Code Documentation: Feature Generators

mastml.feature_generators Module

This module contains a collection of classes for generating input features to fit machine learning models to.

BaseGenerator:

Base class to provide MAST-ML type functionality to all feature generators. All other feature generator classes should inherit from this base class

ElementalFractionGenerator:

Class written to encode element fractions in materials compositions as full 118-element vector per material, where each element in the vector represents an element on the periodic table.

ElementalFeatureGenerator:

Class written for MAST-ML to generate features for material compositions based on properties of the elements comprising the composition. A number of mathematically derived variants are included, like arithmetic average, composition-weighted average, range, max, and min. This generator also supports sublattice-based generation, where the elemental features can be averaged for each sublattice as opposed to just the total composition together.
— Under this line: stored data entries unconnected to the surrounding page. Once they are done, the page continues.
lemma sum_compatible_lower:
  assumes "is_partition p" "s \<in> T N p g"
  shows "(\<Sum>t\<in>labelings N (length (lcols p)). if compatible p s t then F t else 0) = (\<Sum>t\<in>T' N p g. F t)"
proof -
  have "{t \<in> labelings N (length (lcols p)). compatible p s t} = T' N p g"
  proof (intro set_eqI iffI)
    fix t assume t: "t \<in> {t \<in> labelings N (length (lcols p)). compatible p s t}"
    have "t ! b = g B" if "B \<in> through_blocks p" "b < length (lcols p)" "Lo b \<in> B" for B b
      using through_block_has_Up[OF assms(1) that(1)] t assms(2) that by (force simp: compatible_def T_def)
    then show "t \<in> T' N p g" using t by (auto simp: T'_def compatible_def)
  qed (use assms(2) in \<open>auto simp: T_def T'_def compatible_def\<close>)
  then show ?thesis by (simp add: sum.inter_filter[symmetric])
qed

lemma R_Gr_intertwines:
  assumes p: "is_partition p" and R_Gr: "R_Gr N p u"
    and s: "s \<in> labelings N (length (ucols p))" and s': "s' \<in> labelings N (length (lcols p))"
  shows "(\<Sum>t\<in>labelings N (length (ucols p)). if compatible p t s' then mono u (ucols p) t s else 0)
       = (\<Sum>t'\<in>labelings N (length (lcols p)). if compatible p s t' then mono u (lcols p) s' t' else 0)"
proof (cases "valid_up p s"; cases "valid_lo p s'")
  assume "valid_up p s" "valid_lo p s'"
  then obtain g f where "g \<in> assignments N p" "s \<in> T N p g" "f \<in> assignments N p" "s' \<in> T' N p f"
    using valid_up_in_T[OF p s] valid_lo_in_T'[OF p s'] by metis
  then show ?thesis
    using R_Gr by (simp add: sum_compatible_upper[OF p] sum_compatible_lower[OF p] R_Gr_def)
next
  assume "valid_up p s" "\<not> valid_lo p s'"
  then obtain g where "g \<in> assignments N p" "s \<in> T N p g" "s' \<in> T0' N p"
    using valid_up_in_T[OF p s] s' by (metis T0'_def mem_Collect_eq)
  moreover from this have "(\<Sum>t'\<in>T' N p g. mono u (lcols p) s' t') = 0"
    using R_Gr unfolding R_Gr_def by blast
  ultimately show ?thesis
    using \<open>\<not> valid_lo p s'\<close> by (simp add: sum_compatible_lower[OF p] compatible_def[of p _ s'])
next
  assume "\<not> valid_up p s" "valid_lo p s'"
  then obtain f where "f \<in> assignments N p" "s' \<in> T' N p f" "s \<in> T0 N p"
    using valid_lo_in_T'[OF p s'] s by (metis T0_def mem_Collect_eq)
  moreover from this have "(\<Sum>t\<in>T N p f. mono u (ucols p) t s) = 0"
    using R_Gr unfolding R_Gr_def by blast
  ultimately show ?thesis
    using \<open>\<not> valid_up p s\<close> by (simp add: sum_compatible_upper[OF p] compatible_def[of p s])
next
  assume "\<not> valid_up p s" "\<not> valid_lo p s'"
  then show ?thesis by (simp add: compatible_def)
qed

lemma R_Gr_adjoint:
  assumes p: "is_partition p" and R_Gr: "R_Gr N p u" and "biunitary N u"
    and "s \<in> labelings N (length (ucols p))" "s' \<in> labelings N (length (lcols p))"
  shows "(\<Sum>t'\<in>labelings N (length (lcols p)). if compatible p s t' then mono u (lcols p) t' s' else 0)
       = (\<Sum>t\<in>labelings N (length (ucols p)). if compatible p t s' then mono u (ucols p) s t else 0)"
proof (rule intertwiner_adjoint[where R = "compatible p"])
  show "(\<Sum>t\<in>labelings N (length (ucols p)). if compatible p t s' then mono u (ucols p) t s else 0)
      = (\<Sum>t'\<in>labelings N (length (lcols p)). if compatible p s t' then mono u (lcols p) s' t' else 0)"
    if "s \<in> labelings N (length (ucols p))" "s' \<in> labelings N (length (lcols p))" for s s'
    using R_Gr_intertwines[OF p R_Gr that] .
qed (use assms(3-5) biunitary_mono_rows[OF assms(3)] biunitary_mono_columns[OF assms(3)] in simp_all)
To use the sublattice feature of this generator, composition strings must include square brackets to separate the sublattices, e.g. the perovskite material La0.75Sr0.25MnO3 would be written as [La0.75Sr0.25][Mn][O3]

PolynomialFeatureGenerator:

Class used to construct new features based on a polynomial expansion of existing features. The degree of the polynomial is given as input. For example, for two features x1 and x2, the quadratic features x1^2, x2^2 and x1*x2 would be generated if the degree is set to 2.

OneHotGroupGenerator:

Class used to create a set of one-hot encoded features based on a single feature containing assorted categories. For example, if a feature contains strings denoting each data point as belonging to one of three groups such as “metal”, “semiconductor”, “insulator”, then the generated one-hot features are three feature columns containing a 1 or 0 to denote which group each data point is in

OneHotElementEncoder:

Class used to create a set of one-hot encoded features based on elements present in a supplied chemical composition string. For example, if the data set contains alloys of materials with chemical formulas such as “GaAs”, “InAs”, “InP”, etc., then the generated one-hot features are four feature columns containing a 1 or 0 to denote whether a particular data point contains each of the unique elements, in this case Ga, As, In, or P.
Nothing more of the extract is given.